Electrical current flowing through any conductor (like the copper wires connecting his phone) will produce a surrounding electromagnetic field. If another conductor is within the surrounding field, an inductively coupled current will flow through the adjacent conductor.
Inductively Coupled Electromagnetic Flux
In the figure above current flowing through the conducting wire will produce an inductively coupled current in the adjacent wire. If the varying signal current represents a voice transmission the conversation can crossover from one line to another and voices can be heard on one line from another line conversation. Usually this is only an annoyance since crosstalk signal levels are typically low when compared with the signal levels of the conversation on the primary line. On the other hand digital data transmissions are extremely sensitive to crosstalk. Crosstalk can cause bit misinterpretation and will typically require a retransmission of the damaged data.

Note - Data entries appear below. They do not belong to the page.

(* Let $k\ge 2$ be even and $i\in\{1,\ldots,k-1\}$ such that $\binom{k}{i}$ and $\binom{k-1}{i}$ are both odd. Then $$S=\sum_{\substack{0\le \ell\le k-i-2\\ \ell\text{ even}}}\binom{k-i}{\ell}\binom{i-2}{k-i-\ell-2}^2$$ is odd.
   Context: Convention: for integers $a,b$, $\binom{a}{b}=0$ unless $0\le b\le a$. *)

theory Defs
  imports Main
begin

definition binom :: "int \<Rightarrow> int \<Rightarrow> nat" where
  "binom a b = (if 0 \<le> b \<and> b \<le> a then nat a choose nat b else 0)"

end

theory Submission
  imports Defs
begin

text \<open>Modulo 2 the squares in the sum may be dropped, and the terms with odd \<open>l\<close> vanish
  because \<open>k - i\<close> is even; what remains is a Vandermonde convolution equal to
  \<open>(k-2 choose i)\<close>. Pascal's rule together with \<open>(k-2 choose i-1)\<close> being even
  (even over odd) makes this congruent to \<open>(k-1 choose i)\<close>, which is odd.\<close>

lemma binom_of_nat [simp]: "binom (int a) (int b) = a choose b"
  by (simp add: binom_def)

lemma even_choose_if_even_odd:
  fixes a b :: nat
  assumes "even a" and "odd b"
  shows "even (a choose b)"
proof -
  from \<open>odd b\<close> have "b > 0" by (cases b) auto
  then have "b * (a choose b) = a * ((a - 1) choose (b - 1))"
    by (rule times_binomial_minus1_eq)
  with \<open>even a\<close> have "even (b * (a choose b))" by simp
  with \<open>odd b\<close> show ?thesis by (simp add: even_mult_iff)
qed

lemma even_Suc_choose_even:
  fixes a i :: nat
  assumes "even a" and "even i"
  shows "even (Suc a choose i) = even (a choose i)"
proof (cases i)
  case (Suc j)
  with assms have "even (a choose j)" by (simp add: even_choose_if_even_odd)
  with Suc show ?thesis by simp
qed simp

lemma even_sum_cong:
  assumes "finite A" and "\<And>x. x \<in> A \<Longrightarrow> even (f x :: nat) = even (g x)"
  shows "even (sum f A) = even (sum g A)"
  using assms by (induction A rule: finite_induct) auto

lemma even_choose_add_iff_sum_even_indices:
  fixes n m r :: nat
  assumes "even n"
  shows "even ((n + m) choose r)
    = even (\<Sum>l \<in> {l. l \<le> r \<and> even l}. (n choose l) * (m choose (r - l))^2)"
proof -
  define g where "g l = (n choose l) * (m choose (r - l))" for l
  define E where "E = {l. l \<le> r \<and> even l}"
  have "E \<subseteq> {..r}" unfolding E_def by auto
  then have "sum g {..r} = sum g E + sum g ({..r} - E)"
    by (simp add: sum.subset_diff add.commute)
  moreover have "even (sum g ({..r} - E))"
    by (rule dvd_sum) (auto simp: E_def g_def even_choose_if_even_odd[OF assms])
  moreover have "even (sum g E)
      = even (\<Sum>l \<in> E. (n choose l) * (m choose (r - l))^2)"
    by (rule even_sum_cong) (auto simp: E_def g_def power2_eq_square even_mult_iff)
  ultimately show ?thesis
    unfolding E_def g_def vandermonde[symmetric] by simp
qed

lemma sum_binom_even_indices_of_nat:
  fixes n m :: nat
  assumes "n \<ge> 2"
  shows "(\<Sum>l \<in> {l::int. 0 \<le> l \<and> l \<le> int n - 2 \<and> even l}.
            binom (int n) l * (binom (int m) (int n - l - 2))^2)
       = (\<Sum>l \<in> {l. l \<le> n - 2 \<and> even l}. (n choose l) * (m choose (n - 2 - l))^2)"
proof -
  have "{l::int. 0 \<le> l \<and> l \<le> int n - 2 \<and> even l} = int ` {l. l \<le> n - 2 \<and> even l}"
  proof (intro set_eqI iffI)
    fix x :: int
    assume x: "x \<in> {l. 0 \<le> l \<and> l \<le> int n - 2 \<and> even l}"
    then have "nat x \<in> {l. l \<le> n - 2 \<and> even l}" by (auto simp: even_nat_iff)
    with x show "x \<in> int ` {l. l \<le> n - 2 \<and> even l}"
      by (auto intro: image_eqI[where x = "nat x"])
  qed (use assms in auto)
  moreover have "int n - int l - 2 = int (n - 2 - l)" if "l \<le> n - 2" for l
    using that assms by linarith
  ultimately show ?thesis
    by (auto simp: sum.reindex intro!: sum.cong)
qed

theorem mainTheorem11:
  fixes k i :: nat
  assumes "k \<ge> 2" and "even k" and "1 \<le> i" and "i \<le> k - 1"
    and "odd (k choose i)" and "odd ((k - 1) choose i)"
  shows "odd (\<Sum>l \<in> {l::int. 0 \<le> l \<and> l \<le> int k - int i - 2 \<and> even l}.
           binom (int k - int i) l * (binom (int i - 2) (int k - int i - l - 2))^2)"
proof -
  have "even i"
    using assms(2,5) even_choose_if_even_odd by blast
  with assms(1-4) have i: "2 \<le> i" "i \<le> k - 2"
    by presburger+
  then have ints: "int k - int i = int (k - i)" "int i - 2 = int (i - 2)"
    by auto
  have "odd ((k - 2) choose i)"
    using assms(1,2,6) \<open>even i\<close> even_Suc_choose_even[of "k - 2" i]
    by (simp add: Suc_diff_Suc numeral_2_eq_2)
  also have "(k - 2) choose i = ((k - i) + (i - 2)) choose (k - i - 2)"
    using i binomial_symmetric[of i "k - 2"] by (simp add: algebra_simps)
  finally have "odd (((k - i) + (i - 2)) choose (k - i - 2))" .
  then have odd_sum: "odd (\<Sum>l \<in> {l. l \<le> k - i - 2 \<and> even l}.
      ((k - i) choose l) * ((i - 2) choose (k - i - 2 - l))^2)"
    using \<open>even k\<close> \<open>even i\<close> by (subst (asm) even_choose_add_iff_sum_even_indices) auto
  have "2 \<le> k - i"
    using i by simp
  with odd_sum show ?thesis
    unfolding ints by (simp only: sum_binom_even_indices_of_nat not_False_eq_True)
qed

end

There are two types of crosstalk, near end and far end.
Near End Crosstalk (NEXT)
Near end crosstalk occurs between a transmitted signal and a received signal. Transmitted signals are typically stronger that a signal that is being received and interfere with the received signals.
Near End Crosstalk
Far End Crosstalk (FEXT)
Far end crosstalk occurs between two signals transmitted in the same direction. The adjacent conductors each produce a magnetic field and can interfer with each other.
Far End Crosstalk
The most common way to reduce crosstalk between adjacent wires is to twist the wires together in a way that cancels the crosstalk flux. That's why Unshielded Twisted Pair (UTP) cabling is used for high speed data cabling like Ethernet. In addition shielding, in the form of foil or metallic braid is also used in Shielded Twisted Pair (STP) cable.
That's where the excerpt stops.